I expect that an fstring in the script scope would not result in a pylint error C0103 congruent with the behavior prior to 3.3.0

Pylint version

pylint 3.3.1
astroid 3.3.4
Python 3.9.10 (main, May 31 2022, 12:13:35) 
[Clang 13.1.6 (clang-1316.0.21.2.5)]

Also from docker python alpine image:

pylint 3.3.1
astroid 3.3.4
Python 3.10.15 (main, Sep 12 2024, 21:11:58) [GCC 13.2.1 20240309]

OS / Environment

Darwin(intel x64), reproducible in Docker

Additional dependencies

No response

### Tasks
jacobtylerwalls commented 4 days ago

Thanks for the report, but this was a false negative fixed. Now the f-string behaves the same way as regular strings. They each need to conform to your configured naming style.
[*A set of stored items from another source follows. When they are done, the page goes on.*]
(* Let $(X,d)$ be a finite metric space and $\mathcal{Y}=(Y_i,d_i)_{i\in I}$ a finite family of metric spaces. If $X$ embeds stochastically into $\mathcal{Y}$ with distortion $D$, then $Wa(X)$ embeds stochastically into the family $(Wa(Y_i))_{i\in I}$ with distortion $D$. More precisely, if the numbers $p_i$ and maps $f_i:X\to Y_i$ realize the stochastic embedding of $X$, then the same $p_i$ and the push-forward maps $(f_i)_*:Wa(X)\to Wa(Y_i)$, $\mu\mapsto (f_i)_*\mu$, realize a stochastic embedding of $Wa(X)$ with distortion $D$.
   Context: For a metric space $(Y,d)$, $P_1(Y)$ is the set of Borel probability measures on $Y$ with finite first moment, and $Wa(Y)$ is $P_1(Y)$ with the Wasserstein distance $Wa(\mu,\nu)=\inf_\pi\int d(x,y)\,d\pi(x,y)$, the infimum over couplings $\pi$ (probability measures on $Y\times Y$ with marginals $\mu,\nu$). A metric space $(X,d)$ embeds stochastically with distortion $D\ge1$ into a finite family $(Y_i,d_i)_{i\in I}$ of metric spaces if there are numbers $p_i\ge0$ with $\sum_i p_i=1$ and maps $f_i:X\to Y_i$ such that each $f_i$ is non-contracting ($d_i(f_i(x),f_i(y))\ge d(x,y)$) and $\sum_i p_i d_i(f_i(x),f_i(y))\le D\,d(x,y)$ for all $x,y\in X$. *)

theory Defs
  imports "HOL-Probability.Probability"
begin

definition borel_of :: "'a topology \<Rightarrow> 'a measure" where
  "borel_of T = sigma (topspace T) {U. openin T U}"

definition mborel :: "'a set \<Rightarrow> ('a \<Rightarrow> 'a \<Rightarrow> real) \<Rightarrow> 'a measure" where
  "mborel M d = borel_of (Metric_space.mtopology M d)"

definition P1 :: "'a set \<Rightarrow> ('a \<Rightarrow> 'a \<Rightarrow> real) \<Rightarrow> 'a measure set" where
  "P1 M d = {\<mu>. sets \<mu> = sets (mborel M d) \<and> prob_space \<mu> \<and>
                 (\<exists>x0\<in>M. (\<integral>\<^sup>+ y. ennreal (d x0 y) \<partial>\<mu>) < \<infinity>)}"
ColinHarrington commented 4 days ago

Thanks for the report, but this was a false negative fixed. Now the f-string behaves the same way as regular strings. They each need to conform to your configured naming style.

Then why are the f-strings linted differently within a function vs in the script/global scope in for-loop? Please look at the example for reference.

Am I missing some new configuration here or how do we explain the change in linting behavior?

jacobtylerwalls commented 4 days ago

There are different naming styles for functions versus global/script scope. This has always been the case for strings, f-strings are consistent with that now. The naming style config is explained in detail here.

You may find further behavior differences for type-annotated module constants, but we're addressing that in a future version: #9771.